To do
Each line of the data below from the one holding "periodicity) turns \<open>\<bbbJ>\<close>" to the one holding "real) \<Rightarrow> ('a", inclusive, is to be reproduced exactly; no other line belongs in the answer.

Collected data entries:
text \<open>Writing \<open>p = (q - 2) / 2\<close> and \<open>W = B\<^sup>p \<bbbD>(\<^bold>u)\<close>, the time derivative commutes with
  \<open>div\<close>, and integrating by parts in each \<open>x\<^sub>j\<close> over a period cell (no boundary terms, by
  periodicity) turns \<open>\<bbbJ>\<close> into \<open>\<integral>\<integral> \<Sum>\<^sub>i\<^sub>j \<partial>\<^sub>j\<partial>\<^sub>t u\<^sub>i \<partial>\<^sub>t W\<^sub>i\<^sub>j\<close>. As \<open>W\<close> is symmetric this is
  \<open>\<integral>\<integral> \<partial>\<^sub>t\<bbbD>(\<^bold>u) : \<partial>\<^sub>t W\<close>, and pointwise
  \<open>\<partial>\<^sub>t\<bbbD> : \<partial>\<^sub>t W = B\<^sup>p\<^sup>-\<^sup>1 ((q - 2) (\<bbbD> : \<partial>\<^sub>t\<bbbD>)\<^sup>2 + B |\<partial>\<^sub>t\<bbbD>|\<^sup>2) \<ge> 0\<close>
  by Cauchy-Schwarz, since \<open>|\<bbbD>|\<^sup>2 \<le> B\<close> and \<open>q \<ge> 1\<close>.\<close>

definition has_dirD :: "'a::real_normed_vector \<Rightarrow> ('a \<Rightarrow> real) \<Rightarrow> ('a \<Rightarrow> real) \<Rightarrow> bool" where
  "has_dirD v f f' \<longleftrightarrow> (\<forall>z. ((\<lambda>h. f (z + h *\<^sub>R v)) has_real_derivative f' z) (at 0))"

lemma has_dirD_imp_dirD_eq: "has_dirD v f f' \<Longrightarrow> dirD v f = f'"
  unfolding dirD_def has_dirD_def by (auto intro!: ext DERIV_imp_deriv)

lemma has_dirD_along_line:
  assumes "has_dirD v f f'"
  shows "((\<lambda>h. f (z + h *\<^sub>R v)) has_real_derivative f' (z + s *\<^sub>R v)) (at s)"
proof -
  have "((\<lambda>h. f ((z + s *\<^sub>R v) + h *\<^sub>R v)) has_real_derivative f' (z + s *\<^sub>R v)) (at 0)"
    using assms unfolding has_dirD_def by blast
  then have "((\<lambda>h. f (z + (h + s) *\<^sub>R v)) has_real_derivative f' (z + s *\<^sub>R v)) (at 0)"
    by (simp add: scaleR_add_left algebra_simps)
  then show ?thesis
    using DERIV_shift[of "\<lambda>h. f (z + h *\<^sub>R v)" _ 0 s] by simp
qed

lemma has_dirD_const: "has_dirD v (\<lambda>_. c) (\<lambda>_. 0)"
  unfolding has_dirD_def by auto

lemma has_dirD_add:
  "has_dirD v f f' \<Longrightarrow> has_dirD v g g' \<Longrightarrow> has_dirD v (\<lambda>z. f z + g z) (\<lambda>z. f' z + g' z)"
  unfolding has_dirD_def by (auto intro!: derivative_eq_intros)

lemma has_dirD_mult:
  "has_dirD v f f' \<Longrightarrow> has_dirD v g g' \<Longrightarrow>
    has_dirD v (\<lambda>z. f z * g z) (\<lambda>z. f' z * g z + f z * g' z)"
  unfolding has_dirD_def by (auto intro!: derivative_eq_intros)

lemma has_dirD_divide_const: "has_dirD v f f' \<Longrightarrow> has_dirD v (\<lambda>z. f z / c) (\<lambda>z. f' z / c)"
  unfolding has_dirD_def by (auto intro: DERIV_cdivide)

lemma has_dirD_power:
  "has_dirD v f f' \<Longrightarrow> has_dirD v (\<lambda>z. f z ^ n) (\<lambda>z. of_nat n * f z ^ (n - 1) * f' z)"
  unfolding has_dirD_def by (auto intro!: derivative_eq_intros)

lemma has_dirD_sum:
  "(\<And>i. i \<in> S \<Longrightarrow> has_dirD v (f i) (f' i)) \<Longrightarrow>
    has_dirD v (\<lambda>z. \<Sum>i\<in>S. f i z) (\<lambda>z. \<Sum>i\<in>S. f' i z)"
  unfolding has_dirD_def by (cases "finite S") (auto intro!: DERIV_sum)

lemma has_dirD_powr:
  "has_dirD v f f' \<Longrightarrow> (\<And>z. 0 < f z) \<Longrightarrow>
    has_dirD v (\<lambda>z. f z powr p) (\<lambda>z. p * f z powr (p - 1) * f' z)"
  unfolding has_dirD_def using DERIV_fun_powr by fastforce

fun partially_C :: "nat \<Rightarrow> ('a::euclidean_space \<Rightarrow> real) \<Rightarrow> bool" where
  "partially_C 0 f \<longleftrightarrow> True"
| "partially_C (Suc n) f \<longleftrightarrow> continuous_on UNIV f \<and>
    (\<forall>v\<in>Basis. has_dirD v f (dirD v f) \<and> partially_C n (dirD v f))"

lemma partially_C_Suc_imp: "partially_C (Suc n) f \<Longrightarrow> partially_C n f"
  by (induction n arbitrary: f) auto

lemma partially_C_const: "partially_C n (\<lambda>_. c)"
proof (induction n arbitrary: c)
  case (Suc n)
  then show ?case
    using has_dirD_const has_dirD_imp_dirD_eq by (metis partially_C.simps(2) continuous_on_const)
qed simp

lemma partially_C_add: "partially_C n f \<Longrightarrow> partially_C n g \<Longrightarrow> partially_C n (\<lambda>z. f z + g z)"
proof (induction n arbitrary: f g)
  case (Suc n)
  have "dirD v (\<lambda>z. f z + g z) = (\<lambda>z. dirD v f z + dirD v g z)"
    and "has_dirD v (\<lambda>z. f z + g z) (\<lambda>z. dirD v f z + dirD v g z)"
    if "v \<in> Basis" for v
    using Suc.prems that by (auto intro!: has_dirD_add has_dirD_imp_dirD_eq)
  then show ?case
    using Suc by (auto intro!: continuous_on_add)
qed simp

Result below
  periodicity) turns \<open>\<bbbJ>\<close> into \<open>\<integral>\<integral> \<Sum>\<^sub>i\<^sub>j \<partial>\<^sub>j\<partial>\<^sub>t u\<^sub>i \<partial>\<^sub>t W\<^sub>i\<^sub>j\<close>. As \<open>W\<close> is symmetric this is
  \<open>\<integral>\<integral> \<partial>\<^sub>t\<bbbD>(\<^bold>u) : \<partial>\<^sub>t W\<close>, and pointwise
  \<open>\<partial>\<^sub>t\<bbbD> : \<partial>\<^sub>t W = B\<^sup>p\<^sup>-\<^sup>1 ((q - 2) (\<bbbD> : \<partial>\<^sub>t\<bbbD>)\<^sup>2 + B |\<partial>\<^sub>t\<bbbD>|\<^sup>2) \<ge> 0\<close>
  by Cauchy-Schwarz, since \<open>|\<bbbD>|\<^sup>2 \<le> B\<close> and \<open>q \<ge> 1\<close>.\<close>

definition has_dirD :: "'a::real_normed_vector \<Rightarrow> ('a \<Rightarrow> real) \<Rightarrow> ('a \<Rightarrow> real) \<Rightarrow> bool" where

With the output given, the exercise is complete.